No caso em apreciação, ao contrário do afirmado pela empregadora/recorrente, não detectamos que a conduta da trabalhadora tenha violado os princípios da boa fé.
É certo que não resulta dos autos que já anteriormente à resolução do contrato ela tenha “reclamado” junto da empregadora pelo não pagamento da retribuição devida e pelos não descontos devidos à segurança social.
Não obstante, não se poderá olvidar que é a persistência do comportamento da empregadora – e não actos isolados – que tornam impossível a subsistência da relação de trabalho.
Além disso, como se deixou anteriormente afirmado, a Ré nem sequer estava a proceder aos descontos para a segurança social tendo em conta a retribuição paga; daí que fosse expectável, e legítimo, que a trabalhadora pudesse fazer valer os seus direitos, designadamente o direito à resolução com justa causa do contrato de trabalho, sem que isso envolvesse qualquer violação dos princípios da boa fé; o empregador conhece, ou deve conhecer, não apenas os seus direitos perante o trabalhador, mas também os seus deveres: se não cumpre estes, pelo menos integralmente, sujeita-se a ter que assacar com as consequências de tal conduta.
Foi o que sucedeu no caso em presença, com a resolução do contrato pela trabalhadora.
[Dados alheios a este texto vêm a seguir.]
text \<open>The interior chain \<open>c\<close> attached at step \<open>k\<close> becomes the element \<open>cell (k, c)\<close> of
  the universe; \<open>f\<close> makes these elements pairwise distinct.\<close>

definition cell_index :: "(nat \<times> nat set set) set" where
  "cell_index = UNIV \<times> (\<Union>n. pcar (sd2 n))"

lemma cell_in_cell_index: "c \<in> pcar (sd2 n) \<Longrightarrow> (k, c) \<in> cell_index"
  by (auto simp: cell_index_def)

definition cell :: "nat \<times> nat set set \<Rightarrow> 'u" where
  "cell q = f (to_nat_on cell_index q)"

lemma countable_cell_index: "countable cell_index"
  unfolding cell_index_def
  by (intro countable_SIGMA countable_UN countable_finite[OF finite_pcar_sd2]) simp_all

lemma inj_on_cell: "inj_on cell cell_index"
  using inj_on_to_nat_on[OF countable_cell_index] inj_f unfolding cell_def inj_on_def by blast

definition problems :: "(nat \<times> (nat set set \<Rightarrow> 'u) \<times> (nat set set \<Rightarrow> 'u)) set" where
  "problems = (SIGMA n:UNIV. (pcar (sd2_bdry n) \<rightarrow>\<^sub>E cell ` cell_index) \<times> (pcar (sd2 n) \<rightarrow>\<^sub>E pcar A))"

lemma countable_problems: "countable problems"
  unfolding problems_def
  by (intro countable_SIGMA countable_PiE countable_image countable_cell_index
      finite_pcar_sd2 finite_pcar_sd2_bdry countable_finite[OF finite_A]) simp_all

text \<open>Enumerating along the first component of \<open>prod_decode\<close> visits every problem infinitely
  often, in particular after its data have appeared in some stage.\<close>

definition problem :: "nat \<Rightarrow> nat \<times> (nat set set \<Rightarrow> 'u) \<times> (nat set set \<Rightarrow> 'u)" where
  "problem k = from_nat_into problems (fst (prod_decode k))"

lemma problem_recurs:
  assumes "q \<in> problems"
  obtains j where "m \<le> j" and "problem j = q"
proof -
  obtain i where "from_nat_into problems i = q"
    using from_nat_into_surj[OF countable_problems assms] ..
  then show thesis
    by (intro that[of "prod_encode (i, m)"]) (simp_all add: le_prod_encode_2 problem_def)
qed

definition prob_dim :: "nat \<Rightarrow> nat" where "prob_dim k = fst (problem k)"
definition prob_top :: "nat \<Rightarrow> nat set set \<Rightarrow> 'u" where "prob_top k = fst (snd (problem k))"
definition prob_bot :: "nat \<Rightarrow> nat set set \<Rightarrow> 'u" where "prob_bot k = snd (snd (problem k))"

text \<open>The map to \<open>A\<close> is fixed before the stages are built: the cell \<open>cell (k, c)\<close> goes
  to the value the \<open>k\<close>-th problem prescribes on \<open>c\<close>.\<close>

definition proj :: "'u \<Rightarrow> 'u" where
  "proj y = (case the_inv_into cell_index cell y of (k, c) \<Rightarrow> prob_bot k c)"

lemma proj_cell: "(k, c) \<in> cell_index \<Longrightarrow> proj (cell (k, c)) = prob_bot k c"
  unfolding proj_def by (simp add: the_inv_into_f_f[OF inj_on_cell])

definition lifting_problem :: "nat \<Rightarrow> 'u pos \<Rightarrow> bool" where
  "lifting_problem k X \<longleftrightarrow>
     pos_hom (sd2_bdry (prob_dim k)) X (prob_top k) \<and> pos_hom (sd2 (prob_dim k)) A (prob_bot k)
     \<and> (\<forall>c\<in>pcar (sd2_bdry (prob_dim k)). proj (prob_top k c) = prob_bot k c)"

primrec stage :: "nat \<Rightarrow> 'u pos" where
  "stage 0 = ({}, {})"
| "stage (Suc k) =
     (if lifting_problem k (stage k)
      then attach (stage k) (prob_dim k) (prob_top k) (\<lambda>c. cell (k, c)) else stage k)"

lemma cell_attachmentI:
  assumes "is_pos X" and X_cells: "pcar X \<subseteq> cell ` (({..<k} \<times> UNIV) \<inter> cell_index)"
    and "lifting_problem k X"
  shows "cell_attachment X (prob_dim k) (prob_top k) (\<lambda>c. cell (k, c))"
proof
  show "inj_on (\<lambda>c. cell (k, c)) (interior_chains (prob_dim k))"
  proof (rule inj_onI)
    fix c d
    assume "c \<in> interior_chains (prob_dim k)" "d \<in> interior_chains (prob_dim k)"
      and "cell (k, c) = cell (k, d)"
    then have "(k, c) = (k, d)"
      by (intro inj_onD[OF inj_on_cell]) (auto simp: interior_chains_def cell_in_cell_index)
    then show "c = d"
      by simp
  qed
  show "(\<lambda>c. cell (k, c)) ` interior_chains (prob_dim k) \<inter> pcar X = {}"
    using X_cells inj_on_cell cell_in_cell_index
    by (fastforce simp: interior_chains_def dest: inj_onD)
qed (use assms in \<open>simp_all add: lifting_problem_def\<close>)

lemma stage_invariant:
  "is_pos (stage k) \<and> pcar (stage k) \<subseteq> cell ` (({..<k} \<times> UNIV) \<inter> cell_index)
    \<and> pos_hom (stage k) A proj"
proof (induction k)
  case 0
  show ?case
    by (simp add: is_pos_def pcar_def pord_def pos_hom_def)
next
  case (Suc k)
  show ?case
  proof (cases "lifting_problem k (stage k)")
    case False
    with Suc show ?thesis
      by auto
  next
    case True
    let ?n = "prob_dim k"
    interpret cell_attachment "stage k" ?n "prob_top k" "\<lambda>c. cell (k, c)"
      using Suc True by (intro cell_attachmentI) auto
    have stage_Suc: "stage (Suc k) = attach (stage k) ?n (prob_top k) (\<lambda>c. cell (k, c))"
      using True by simp
    have "pos_hom (stage (Suc k)) A proj"
      unfolding stage_Suc
    proof (rule pos_hom_attachI[OF is_pos_A])
      show "proj (cell (k, c)) = prob_bot k c" if "c \<in> interior_chains ?n" for c
        using that by (auto simp: interior_chains_def intro!: proj_cell cell_in_cell_index)
    qed (use Suc True in \<open>auto simp: lifting_problem_def\<close>)
    moreover have "pcar (stage (Suc k)) \<subseteq> cell ` (({..<Suc k} \<times> UNIV) \<inter> cell_index)"
    proof -
      have "({..<k} \<times> UNIV) \<inter> cell_index \<subseteq> ({..<Suc k} \<times> UNIV) \<inter> cell_index"
        by auto
      then have "pcar (stage k) \<subseteq> cell ` (({..<Suc k} \<times> UNIV) \<inter> cell_index)"
        using Suc by (meson image_mono subset_trans)
      moreover have
        "(\<lambda>c. cell (k, c)) ` interior_chains ?n \<subseteq> cell ` (({..<Suc k} \<times> UNIV) \<inter> cell_index)"
        by (auto simp: interior_chains_def intro!: imageI cell_in_cell_index)
      ultimately show ?thesis
        by (simp add: stage_Suc pcar_attach)
    qed
    ultimately show ?thesis
      using is_pos_attach stage_Suc by simp
  qed
qed

lemma is_pos_stage: "is_pos (stage k)"
  using stage_invariant by blast

lemma pos_hom_stage_proj: "pos_hom (stage k) A proj"
  using stage_invariant by blast

lemma cell_attachment_stage:
  "lifting_problem k (stage k) \<Longrightarrow>
    cell_attachment (stage k) (prob_dim k) (prob_top k) (\<lambda>c. cell (k, c))"
  using stage_invariant by (blast intro: cell_attachmentI)

lemma incseq_stage: "incseq (\<lambda>k. pcar (stage k))" "incseq (\<lambda>k. pord (stage k))"
  by (auto intro!: incseq_SucI simp: pcar_attach pord_attach)

lemma is_pos_colimit: "is_pos (pos_Union stage)"
  using is_pos_stage incseq_stage(2) by (rule is_pos_pos_Union)

lemma pos_hom_colimit_proj: "pos_hom (pos_Union stage) A proj"
  using pos_hom_stage_proj unfolding pos_hom_def by auto

lemma pcar_colimit_subset_cells: "pcar (pos_Union stage) \<subseteq> cell ` cell_index"
  using stage_invariant by fastforce

lemma lifting_problem_solved:
  assumes "lifting_problem j (stage j)"
  defines "l \<equiv> cell_map (prob_dim j) (prob_top j) (\<lambda>c. cell (j, c))"
  shows "pos_hom (sd2 (prob_dim j)) (stage (Suc j)) l"
    and "c \<in> pcar (sd2_bdry (prob_dim j)) \<Longrightarrow> l c = prob_top j c"
    and "c \<in> pcar (sd2 (prob_dim j)) \<Longrightarrow> proj (l c) = prob_bot j c"
proof -
  interpret cell_attachment "stage j" "prob_dim j" "prob_top j" "\<lambda>c. cell (j, c)"
    using assms(1) by (rule cell_attachment_stage)
  show "pos_hom (sd2 (prob_dim j)) (stage (Suc j)) l"
    using assms(1) pos_hom_cell_map by (simp add: l_def)
  show "c \<in> pcar (sd2_bdry (prob_dim j)) \<Longrightarrow> l c = prob_top j c"
    by (simp add: l_def cell_map_def)
  show "proj (l c) = prob_bot j c" if "c \<in> pcar (sd2 (prob_dim j))"
    using assms(1) that by (auto simp: l_def cell_map_def lifting_problem_def
        intro!: proj_cell cell_in_cell_index)
qed

lemma triv_fib_proj: "triv_fib (pos_Union stage) A proj"
  unfolding triv_fib_def
proof (intro conjI allI impI is_pos_colimit is_pos_A pos_hom_colimit_proj)
  fix n a b
  assume "pos_hom (sd2_bdry n) (pos_Union stage) a \<and> pos_hom (sd2 n) A b
    \<and> (\<forall>c\<in>pcar (sd2_bdry n). proj (a c) = b c)"
  then have a: "pos_hom (sd2_bdry n) (pos_Union stage) a" and b: "pos_hom (sd2 n) A b"
    and glue: "\<forall>c\<in>pcar (sd2_bdry n). proj (a c) = b c"
    by auto
  obtain m where a_stage: "\<And>j. m \<le> j \<Longrightarrow> pos_hom (sd2_bdry n) (stage j) a"
    using a finite_pcar_sd2_bdry _ incseq_stage
    by (rule pos_hom_pos_Union_eventually) (auto simp: pord_sd2_bdry)
  define a' where "a' = restrict a (pcar (sd2_bdry n))"
  define b' where "b' = restrict b (pcar (sd2 n))"
  have "(n, a', b') \<in> problems"
    using a b pcar_colimit_subset_cells by (auto simp: problems_def a'_def b'_def pos_hom_def)
  then obtain j where "m \<le> j" and "problem j = (n, a', b')"
    by (rule problem_recurs)
  then have dim: "prob_dim j = n" and top: "prob_top j = a'" and bot: "prob_bot j = b'"
    by (simp_all add: prob_dim_def prob_top_def prob_bot_def)
  have "pos_hom (sd2_bdry n) (stage j) a'"
    using a_stage[OF \<open>m \<le> j\<close>] by (rule pos_hom_cong) (auto simp: pord_sd2_bdry a'_def)
  moreover have "pos_hom (sd2 n) A b'"
    using b by (rule pos_hom_cong) (auto simp: pord_sd2 b'_def)
  ultimately have "lifting_problem j (stage j)"
    using glue pcar_sd2_bdry_subset
    by (auto simp: lifting_problem_def dim top bot a'_def b'_def)
  note solved = lifting_problem_solved[OF this, unfolded dim top bot]
  show "\<exists>l. pos_hom (sd2 n) (pos_Union stage) l \<and> (\<forall>c\<in>pcar (sd2_bdry n). l c = a c)
      \<and> (\<forall>c\<in>pcar (sd2 n). proj (l c) = b c)"
    by (intro exI[of _ "cell_map n a' (\<lambda>c. cell (j, c))"] conjI ballI
        pos_hom_pos_Union[where X = stage, OF solved(1)])
      (simp_all add: solved(2,3), simp_all add: a'_def b'_def)
qed

lemma pos_retract_stage_0:
  assumes pushout_retract: "\<And>n (X :: 'u pos) Y f g h.
      pos_pushout n X Y f g h \<Longrightarrow> pos_retract A Y \<Longrightarrow> pos_retract A X"
    and "pos_retract A (stage k)"
  shows "pos_retract A (stage 0)"
  using assms(2)
proof (induction k)
  case (Suc k)
  show ?case
  proof (cases "lifting_problem k (stage k)")
    case True
    then interpret cell_attachment "stage k" "prob_dim k" "prob_top k" "\<lambda>c. cell (k, c)"
      by (rule cell_attachment_stage)
    have "pos_retract A (stage k)"
      using pushout_retract[OF pos_pushout_attach] Suc.prems True by simp
    then show ?thesis
      by (rule Suc.IH)
  qed (use Suc in simp)
qed

end

theorem lemma6p1:
  fixes A :: "'u pos"
  assumes "infinite (UNIV :: 'u set)"
    and "is_pos A" and "finite (pcar A)" and "pcar A \<noteq> {}"
    and "\<And>n (X :: 'u pos) (Y :: 'u pos) f g h.
           pos_pushout n X Y f g h \<Longrightarrow> pos_retract A Y \<Longrightarrow> pos_retract A X"
  shows "\<not> pos_cofibrant A"
proof
  assume cofibrant: "pos_cofibrant A"
  obtain f :: "nat \<Rightarrow> 'u" where "inj f"
    using infinite_countable_subset[OF assms(1)] by blast
  interpret small_object A f
    using assms(2,3) \<open>inj f\<close> by unfold_locales
  have "pos_hom A A id"
    unfolding pos_hom_def by simp
  then obtain l where l: "pos_hom A (pos_Union stage) l" and proj_l: "\<forall>x\<in>pcar A. proj (l x) = x"
    using cofibrant triv_fib_proj unfolding pos_cofibrant_def by fastforce
  obtain m where "\<And>j. m \<le> j \<Longrightarrow> pos_hom A (stage j) l"
    using pos_hom_pos_Union_eventually[OF l assms(3) is_posD(1)[OF assms(2)] incseq_stage] by blast
  then have "pos_retract A (stage m)"
    unfolding pos_retract_def using pos_hom_stage_proj proj_l by blast
  then have "pos_retract A (stage 0)"
    using assms(5) by (intro pos_retract_stage_0)
  then show False
    using assms(4) by (simp add: not_pos_retract_empty)
qed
Improcedem, por isso, também nesta parte as consequências das conclusões das alegações de recurso.
6Da (alegada) não inclusão como retribuição dos subsídio de refeição pagos
Finalmente, sustenta a recorrente que existe erro de cálculo, por não se considerar como retribuição o pagamento que efectuou à recorrida a título de “subsídio de almoço”.
Como é sabido, os recursos destinam-se, ressalvadas as questões de conhecimento oficioso, a apreciar as questões que tenham sido submetidas à apreciação do tribunal a quo e não a criar decisões sobre questões novas, entendendo-se estas como aquelas que, colocadas ao tribunal de recurso, não tenham merecido pronúncia por parte do tribunal a quo, sendo indiferente que essa omissão provenha de insuficiência alegatória da parte, nos seus articulados, ou do mero silêncio do tribunal a quo, desde que, nesta última situação, não tenha sido tempestivamente arguido o vício de omissão de pronúncia [vide, ente outros, acórdãos do Supremo Tribunal de Justiça de 08-03-2006 (Proc. n.º 3919/05) e de 22-04-2009 (Proc. n.º 2595/08), ambos da 4.ª Secção e disponíveis em www.dgsi.pt].
No caso em apreço, seja nos articulados, maxime na contestação, seja na sentença, jamais foi colocada a “questão” do pagamento de “subsídio de almoço” e a sua inclusão, ou não, na retribuição do trabalhador.
Por isso, ao vir agora a recorrente, apenas em sede recursória, a sustentar que o “subsídio de almoço” que pagou à recorrida devia integrar a retribuição, está a colocar uma questão nova, estando a este tribunal vedado pronunciar-se sobre a mesma.
Não se conhece, por isso, desta questão.
Aqui chegados, na sequência das várias questões analisadas é, então, o momento de concluir que deve ser negado provimento ao recurso, mantendo-se a decisão recorrida.
Vencida no recurso, a recorrente deverá suportar o pagamento das custas respectivas (artigo 527.º, n.ºs 1 e 2, do Código de Processo Civil).